July 13, 2023
JAKARTA – The Finance Ministry has warned that a slowing global economy could hurt Indonesia’s budget, as weaker commodity exports take a toll on customs and excise as well as on non-tax revenue.
The government still expects to beat its overall budget revenue target for this year, however.
Speaking in front of the House of Representatives Budget Committee on Monday, Finance Minister Sri Mulyani Indrawati revealed that two out of three components of state income would exceed the targets set last year.
“Regarding the [state revenue] level, we remain optimistic.
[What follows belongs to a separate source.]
(* Let $f,g\in C(\mathbb{R}_0^+\times\mathbb{R}_0^+,\mathbb{R}_0^+)$ be such that $t\mapsto f(t,s)$ and $t\mapsto g(t,s)$ are nondecreasing for every fixed $s$. Let $\phi\in C(\mathbb{R}_0^+,\mathbb{R}_0^+)$ be strictly increasing with $\lim_{x\to\infty}\phi(x)=\infty$. Let $c\in C(\mathbb{R}_0^+,\mathbb{R}^+)$ be nondecreasing. Let $\eta,w\in C(\mathbb{R}_0^+,\mathbb{R}_0^+)$ be nondecreasing with $\eta(x)>0$ and $w(x)>0$ for all $x>0$. Let $x_0$, $G$, $\Psi$ be as in the context (in particular $\int_{x_0}^\infty \frac{ds}{\eta(\phi^{-1}(s))}=\infty$). Let $\alpha\in C^1(\mathbb{R}_0^+,\mathbb{R}_0^+)$ be nondecreasing with $\alpha(t)\le t$ for all $t\ge 0$. Suppose $u\in C(\mathbb{R}_0^+,\mathbb{R}_0^+)$ satisfies $$\phi(u(t))\le c(t)+\int_0^{\alpha(t)}\big[f(t,s)\,\eta(u(s))\,w(u(s))+g(t,s)\,\eta(u(s))\big]\,ds\qquad\text{for all } t\ge 0.$$ Define $p(t)=G(c(t))+\int_0^{\alpha(t)}g(t,s)\,ds$. Then there exists $\tau>0$ such that for all $t\in[0,\tau]$, $$\Psi(p(t))+\int_0^{\alpha(t)}f(t,s)\,ds\in \Psi\big((0,\infty)\big)=\mathrm{Dom}(\Psi^{-1})$$ and $$u(t)\le \phi^{-1}\Big\{G^{-1}\Big(\Psi^{-1}\Big[\Psi(p(t))+\int_0^{\alpha(t)}f(t,s)\,ds\Big]\Big)\Big\}.$$
   Context: $\mathbb{R}_0^+=[0,\infty)$, $\mathbb{R}^+=(0,\infty)$. $\phi^{-1}$ denotes the inverse of $\phi$, defined on $[\phi(0),\infty)$. The constant $x_0$ is a real number with $\phi(0)\le x_0<c(0)$ such that $\int_{x_0}^x\frac{ds}{\eta(\phi^{-1}(s))}<\infty$ for every $x\ge x_0$ and $\int_{x_0}^\infty\frac{ds}{\eta(\phi^{-1}(s))}=\infty$ (in the paper: $x_0>0$ may be required when $\int_0^x\frac{ds}{\eta(\phi^{-1}(s))}=\infty$, and $x_0\ge0$ is allowed when this integral is finite). Define $G:[x_0,\infty)\to[0,\infty)$ by $G(x)=\int_{x_0}^x\frac{ds}{\eta(\phi^{-1}(s))}$; it is a strictly increasing bijection with inverse $G^{-1}$. Fix $x_1>0$ and define, for $x>0$, $\Psi(x)=\int_{x_1}^x\frac{ds}{w(\phi^{-1}(G^{-1}(s)))}$; $\Psi$ is strictly increasing on $(0,\infty)$, $\Psi^{-1}$ is its inverse and $\mathrm{Dom}(\Psi^{-1})=\Psi((0,\infty))$. *)

theory Defs
  imports "HOL-Analysis.Analysis"
begin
Regarding the trend, we must be on alert,” Sri Mulyani said in front of the lawmakers.
She elaborated that income from customs and excise, taxes as well as non-tax state revenue would enter a downtrend.
The former is the only component projected to miss the target, as it was forecast to pour Rp 300.1 trillion (US$19.8 billion) into state coffers, while the target is set at Rp 303.2 trillion.
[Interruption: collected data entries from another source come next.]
(* Let $n\ge 2$, let $T=\{1,\dots,n\}$ and let $\mathcal T$ be a topology on $T$. Fix an integer $k\ge 1$. Let $A,R,B,S\subseteq T\setminus\{n\}$ with $A\cap R=\emptyset$, $B\cap S=\emptyset$, where every point of $A$ and of $B$ is old (at stage $k$), and every point of $R$ and of $S$ is new (at stage $k$). Suppose $A\cup R\cup\{n\}$ and $B\cup S\cup\{n\}$ are two distinct new lower $k$-systems of $\mathcal T$. Then $A\cup\{n\}$ and $B\cup\{n\}$ are open in $\mathcal T$.
   Context: For $\alpha\in T$, $\alpha^{*}$ (the covering set of $\alpha$) denotes the smallest open set of $\mathcal T$ containing $\alpha$. For an integer $m\ge 0$, an $m$-system is an open set $P$ of $\mathcal T$ such that $P\setminus\{n\}$ has exactly $m$ points; it is upper if $n\notin P$ and lower if $n\in P$. For fixed $k$, a point $\alpha\neq n$ is called old if $\alpha^{*}$ is an $m$-system for some $m<k$, and new if $\alpha^{*}$ is a $k$-system. A $k$-system is called new if it contains at least one point $p\neq n$ that is not contained in any $m$-system with $m\le k-1$. *)

theory Defs
  imports "HOL-Analysis.Analysis"
begin

text \<open>Covering set of a: the smallest open set containing a (intersection of all open sets
  containing a; open since the space is finite).\<close>
definition covering :: "nat topology \<Rightarrow> nat \<Rightarrow> nat set" where
  "covering U a = \<Inter>{P. openin U P \<and> a \<in> P}"

definition msystem :: "nat topology \<Rightarrow> nat \<Rightarrow> nat \<Rightarrow> nat set \<Rightarrow> bool" where
  "msystem U n m P \<longleftrightarrow> openin U P \<and> card (P - {n}) = m"

definition upper_msystem :: "nat topology \<Rightarrow> nat \<Rightarrow> nat \<Rightarrow> nat set \<Rightarrow> bool" where
  "upper_msystem U n m P \<longleftrightarrow> msystem U n m P \<and> n \<notin> P"

definition lower_msystem :: "nat topology \<Rightarrow> nat \<Rightarrow> nat \<Rightarrow> nat set \<Rightarrow> bool" where
  "lower_msystem U n m P \<longleftrightarrow> msystem U n m P \<and> n \<in> P"

definition old_point :: "nat topology \<Rightarrow> nat \<Rightarrow> nat \<Rightarrow> nat \<Rightarrow> bool" where
  "old_point U n k a \<longleftrightarrow> a \<in> topspace U \<and> a \<noteq> n \<and> (\<exists>m<k. msystem U n m (covering U a))"

definition new_point :: "nat topology \<Rightarrow> nat \<Rightarrow> nat \<Rightarrow> nat \<Rightarrow> bool" where
  "new_point U n k a \<longleftrightarrow> a \<in> topspace U \<and> a \<noteq> n \<and> msystem U n k (covering U a)"

definition new_ksystem :: "nat topology \<Rightarrow> nat \<Rightarrow> nat \<Rightarrow> nat set \<Rightarrow> bool" where
  "new_ksystem U n k P \<longleftrightarrow> msystem U n k P \<and>
     (\<exists>p\<in>P. p \<noteq> n \<and> \<not> (\<exists>m Q. m \<le> k - 1 \<and> msystem U n m Q \<and> p \<in> Q))"

end

theory Submission
  imports Defs
begin

text \<open>In a finite space the covering set of a point is its smallest open neighbourhood, so it
  lies inside every open set containing the point and every point of it has a smaller covering
  set. A new point r of a k-system P therefore has covering set equal to P away from n, so two
  distinct lower k-systems share no new point; and no new point lies in the covering set of an
  old point, whose size away from n is smaller. Hence A \<union> {n} is the union of the open set
  P \<inter> Q with the covering sets of the points of A.\<close>

lemma in_covering: "a \<in> covering U a"
  unfolding covering_def by blast

lemma covering_subset: "openin U P \<Longrightarrow> a \<in> P \<Longrightarrow> covering U a \<subseteq> P"
  unfolding covering_def by blast

lemma openin_covering:
  assumes "finite (topspace U)" "a \<in> topspace U"
  shows "openin U (covering U a)"
proof -
  have "finite {P. openin U P \<and> a \<in> P}"
    by (rule finite_subset[of _ "Pow (topspace U)"]) (auto dest: openin_subset simp: assms(1))
  moreover have "{P. openin U P \<and> a \<in> P} \<noteq> {}"
    using assms(2) by auto
  ultimately show ?thesis
    unfolding covering_def by (rule openin_Inter) auto
qed

lemma covering_subset_covering:
  assumes "finite (topspace U)" "a \<in> topspace U" "x \<in> covering U a"
  shows "covering U x \<subseteq> covering U a"
  using covering_subset[OF openin_covering[OF assms(1,2)] assms(3)] .

lemma card_covering_minus_le:
  assumes "finite (topspace U)" "a \<in> topspace U" "x \<in> covering U a"
  shows "card (covering U x - {n}) \<le> card (covering U a - {n})"
proof (rule card_mono)
  show "finite (covering U a - {n})"
    using openin_subset[OF openin_covering[OF assms(1,2)]] assms(1) finite_subset by blast
  show "covering U x - {n} \<subseteq> covering U a - {n}"
    using covering_subset_covering[OF assms] by blast
qed

lemma new_point_notin_covering_old_point:
  assumes "finite (topspace U)" "old_point U n k a" "new_point U n k r"
  shows "r \<notin> covering U a"
proof
  assume r: "r \<in> covering U a"
  obtain m where "m < k" "card (covering U a - {n}) = m" "a \<in> topspace U"
    using assms(2) by (auto simp: old_point_def msystem_def)
  moreover have "card (covering U r - {n}) = k"
    using assms(3) by (simp add: new_point_def msystem_def)
  ultimately show False
    using card_covering_minus_le[OF assms(1) _ r, of n] by simp
qed

lemma msystem_minus_eq_covering_new_point:
  assumes "finite (topspace U)" "new_point U n k r" "msystem U n k P" "r \<in> P"
  shows "P - {n} = covering U r - {n}"
proof -
  have P: "openin U P" "card (P - {n}) = k"
    using assms(3) by (auto simp: msystem_def)
  have "finite (P - {n})"
    using openin_subset[OF P(1)] assms(1) finite_subset by blast
  moreover have "covering U r - {n} \<subseteq> P - {n}"
    using covering_subset[OF P(1) assms(4)] by blast
  moreover have "card (covering U r - {n}) = k"
    using assms(2) by (simp add: new_point_def msystem_def)
  ultimately show ?thesis
    using P(2) card_subset_eq by metis
qed

lemma lower_msystems_eq_if_new_point:
  assumes "finite (topspace U)" "new_point U n k r"
    and "lower_msystem U n k P" "lower_msystem U n k Q" "r \<in> P" "r \<in> Q"
  shows "P = Q"
proof -
  have "P - {n} = Q - {n}"
    using assms msystem_minus_eq_covering_new_point[OF assms(1,2)]
    by (simp add: lower_msystem_def)
  moreover have "n \<in> P" "n \<in> Q"
    using assms(3,4) by (simp_all add: lower_msystem_def)
  ultimately show ?thesis by blast
qed

lemma openin_old_points_insert:
  assumes fin: "finite (topspace U)"
    and old: "\<forall>a\<in>A. old_point U n k a" and new: "\<forall>r\<in>R. new_point U n k r"
    and P: "openin U (A \<union> R \<union> {n})"
    and Q: "openin U Q" "n \<in> Q" "Q \<subseteq> A \<union> {n}"
  shows "openin U (A \<union> {n})"
proof -
  have "covering U a \<subseteq> A \<union> {n}" if a: "a \<in> A" for a
  proof -
    have "covering U a \<subseteq> A \<union> R \<union> {n}"
      using covering_subset[OF P] a by blast
    moreover have "covering U a \<inter> R = {}"
      using new_point_notin_covering_old_point[OF fin] old new a by blast
    ultimately show ?thesis by blast
  qed
  then have "A \<union> {n} = Q \<union> (\<Union>a\<in>A. covering U a)"
    using Q(2,3) in_covering by fast
  moreover have "openin U (\<Union>a\<in>A. covering U a)"
    using openin_covering[OF fin] old by (auto simp: old_point_def)
  ultimately show ?thesis
    using Q(1) by (metis openin_Un)
qed

theorem lemma2:
  fixes U :: "nat topology" and n k :: nat and A R B S :: "nat set"
  assumes "n \<ge> 2"
    and "topspace U = {1..n}"
    and "k \<ge> 1"
    and "A \<subseteq> {1..n} - {n}" "R \<subseteq> {1..n} - {n}"
    and "B \<subseteq> {1..n} - {n}" "S \<subseteq> {1..n} - {n}"
    and "A \<inter> R = {}" "B \<inter> S = {}"
    and "\<forall>a\<in>A. old_point U n k a" "\<forall>b\<in>B. old_point U n k b"
    and "\<forall>r\<in>R. new_point U n k r" "\<forall>s\<in>S. new_point U n k s"
    and "A \<union> R \<union> {n} \<noteq> B \<union> S \<union> {n}"
    and "new_ksystem U n k (A \<union> R \<union> {n})" "lower_msystem U n k (A \<union> R \<union> {n})"
    and "new_ksystem U n k (B \<union> S \<union> {n})" "lower_msystem U n k (B \<union> S \<union> {n})"
  shows "openin U (A \<union> {n}) \<and> openin U (B \<union> {n})"
proof -
  let ?P = "A \<union> R \<union> {n}" and ?Q = "B \<union> S \<union> {n}"
  have fin: "finite (topspace U)"
    using assms(2) by simp
  have open_P: "openin U ?P" and open_Q: "openin U ?Q"
    using assms(16,18) by (simp_all add: lower_msystem_def msystem_def)
  have "R \<inter> ?Q = {}" "S \<inter> ?P = {}"
    using lower_msystems_eq_if_new_point[OF fin] assms(12-14,16,18) by blast+
  then have "?P \<inter> ?Q \<subseteq> A \<union> {n}" "?P \<inter> ?Q \<subseteq> B \<union> {n}"
    by blast+
  moreover have "openin U (?P \<inter> ?Q)" "n \<in> ?P \<inter> ?Q"
    using openin_Int[OF open_P open_Q] by auto
  ultimately show ?thesis
    using openin_old_points_insert[OF fin assms(10,12) open_P]
      openin_old_points_insert[OF fin assms(11,13) open_Q] by (simp add: Int_commute)
qed

end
Meanwhile, tax revenue is expected to exceed the target by 5.8 percent as the ministry projects income of Rp 1.818 quadrillion from the component, exceeding the targeted Rp 1.718 quadrillion.
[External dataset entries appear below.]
(* Let $X$ be a real random variable with $\mathbb E[X]=0$ and $\mathbb E[X^2]=1$, and let $\mathrm{mmse}$ and $G$ be as defined in the context. Then $G$ is non-increasing on $(0,\infty)$ (on $(0,1]$ it has nonpositive derivative wherever differentiable, and it is constant equal to $1$ on $[1,\infty)$). Consequently, for every $\lambda>0$ the mercury level $\mathcal H(W)=\frac1\lambda G\!\big(\frac{1}{W\lambda}\big)$ is a non-decreasing function of $W\in(0,\infty)$.
   Context: For $\gamma\ge0$, $\mathrm{mmse}(\gamma)=\mathbb E\big[(X-\mathbb E[X\mid \sqrt\gamma X+Z])^2\big]$ with $Z\sim\mathcal N(0,1)$ independent of $X$; $\mathrm{mmse}$ is a continuous strictly decreasing bijection from $[0,\infty)$ onto $(0,1]$, and $\mathrm{mmse}^{-1}:(0,1]\to[0,\infty)$ denotes its inverse. The mercury factor is $G(\psi)=\frac1\psi-\mathrm{mmse}^{-1}(\psi)$ for $\psi\in(0,1]$ and $G(\psi)=1$ for $\psi\ge1$. *)

theory Defs
  imports "HOL-Probability.Probability"
begin

definition mmse :: "'a measure \<Rightarrow> ('a \<Rightarrow> real) \<Rightarrow> ('a \<Rightarrow> real) \<Rightarrow> real \<Rightarrow> real" where
  "mmse M X Z \<gamma> =
     (let Y = (\<lambda>\<omega>. sqrt \<gamma> * X \<omega> + Z \<omega>);
          F = vimage_algebra (space M) Y borel
      in integral\<^sup>L M (\<lambda>\<omega>. (X \<omega> - real_cond_exp M F X \<omega>)\<^sup>2))"

definition mmse_inv :: "'a measure \<Rightarrow> ('a \<Rightarrow> real) \<Rightarrow> ('a \<Rightarrow> real) \<Rightarrow> real \<Rightarrow> real" where
  "mmse_inv M X Z = the_inv_into {0..} (mmse M X Z)"

text \<open>Mercury factor G (only meaningful for psi > 0).\<close>
definition mercury_G :: "'a measure \<Rightarrow> ('a \<Rightarrow> real) \<Rightarrow> ('a \<Rightarrow> real) \<Rightarrow> real \<Rightarrow> real" where
  "mercury_G M X Z \<psi> = (if \<psi> \<ge> 1 then 1 else 1 / \<psi> - mmse_inv M X Z \<psi>)"

end

theory Submission
  imports Defs
begin

text \<open>The heart of the matter is the inequality
  1 / mmse(gamma') - 1 / mmse(gamma) \<ge> gamma' - gamma  for  0 \<le> gamma < gamma'.
  Given the optimal estimator g at SNR gamma, rotate the noise of the observation at SNR gamma'
  together with an auxiliary independent Gaussian: this produces independent observations of X
  at SNRs gamma and gamma' - gamma. Combining g on the first with the best linear correction from
  the second shows mmse(gamma') \<le> m / (1 + (gamma' - gamma) m) with m = mmse(gamma).
  Writing psi_i = mmse(gamma_i), the inequality says exactly that
  G(psi) = 1/psi - mmse\<inverse>(psi) does not increase; the mercury level inherits this
  since 1/(W lambda) decreases in W.\<close>

lemma borel_measurable_vimage_algebra_factor:
  fixes h Y :: "'a \<Rightarrow> real"
  assumes h: "h \<in> borel_measurable (vimage_algebra \<Omega> Y borel)"
  obtains g where "g \<in> borel_measurable borel" "\<And>\<omega>. \<omega> \<in> \<Omega> \<Longrightarrow> h \<omega> = g (Y \<omega>)"
proof -
  have sets_eq: "sets (vimage_algebra \<Omega> Y borel) = {Y -` A \<inter> \<Omega> | A. A \<in> sets borel}"
    by (rule sets_vimage_algebra2) auto
  have "\<exists>A. A \<in> sets borel \<and> Y -` A \<inter> \<Omega> = {\<omega>\<in>\<Omega>. h \<omega> \<le> real_of_rat q}" for q
  proof -
    have "{\<omega>\<in>space (vimage_algebra \<Omega> Y borel). h \<omega> \<le> real_of_rat q} \<in> sets (vimage_algebra \<Omega> Y borel)"
      using h by measurable
    then show ?thesis unfolding sets_eq by auto
  qed
  then obtain A where A: "\<And>q. A q \<in> sets borel"
      and A_eq: "\<And>q. Y -` A q \<inter> \<Omega> = {\<omega>\<in>\<Omega>. h \<omega> \<le> real_of_rat q}"
    by metis
  \<comment> \<open>h is recovered from its rational sublevel sets as the infimum of the rationals above it\<close>
  define I where "I y = (INF q. if y \<in> A q then ereal (real_of_rat q) else \<infinity>)" for y
  have "(\<lambda>y. real_of_ereal (I y)) \<in> borel_measurable borel"
    unfolding I_def using A by measurable
  moreover have "h \<omega> = real_of_ereal (I (Y \<omega>))" if \<omega>: "\<omega> \<in> \<Omega>" for \<omega>
  proof -
    have mem: "Y \<omega> \<in> A q \<longleftrightarrow> h \<omega> \<le> real_of_rat q" for q
      using A_eq[of q] \<omega> by blast
    have "I (Y \<omega>) = ereal (h \<omega>)"
    proof (rule antisym)
      show "ereal (h \<omega>) \<le> I (Y \<omega>)"
        unfolding I_def by (rule INF_greatest) (auto simp: mem)
      show "I (Y \<omega>) \<le> ereal (h \<omega>)"
      proof (rule ereal_le_epsilon2)
        fix e :: real assume "0 < e"
        then obtain q where q: "h \<omega> < real_of_rat q" "real_of_rat q < h \<omega> + e"
          using Rats_dense_in_real[of "h \<omega>" "h \<omega> + e"] by (auto simp: Rats_def)
        then have "I (Y \<omega>) \<le> ereal (real_of_rat q)"
          unfolding I_def using mem[of q] by (intro INF_lower2[of q]) auto
        also have "\<dots> \<le> ereal (h \<omega>) + ereal e" using q by simp
        finally show "I (Y \<omega>) \<le> ereal (h \<omega>) + ereal e" .
      qed
    qed
    then show ?thesis by simp
  qed
  ultimately show ?thesis using that by blast
qed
Non-tax revenue, on the other hand, is projected to surpass the target by a large margin at 515.8 trillion, 16.9 percent more than the targeted Rp 441.4 trillion.
However, there is a downtrend in each of these components when compared to last year, when they registered significant increases of 18 percent, 34.3 percent and 29.9 percent, respectively.
This projection sees customs and excise drop by 5.6 percent this year, while non-tax revenue is projected to drop by 13.4 percent. Only tax revenue is forecast to grow, namely at 5.9 percent.
The ministry named three causes for the decline in customs and excise, namely decreasing tobacco production, dwindling exit duty from mineral products due to the downstream industry agenda, which bans many ore exports, and waning prices of crude palm oil (CPO), Indonesia’s main export commodity.
Moderating prices of coal and metal minerals are also hurting state income.
“We must be cautious of the weakening or negative gross [revenue] trend, especially in formulating the 2024 State Budget Law,” said Sri Mulyani.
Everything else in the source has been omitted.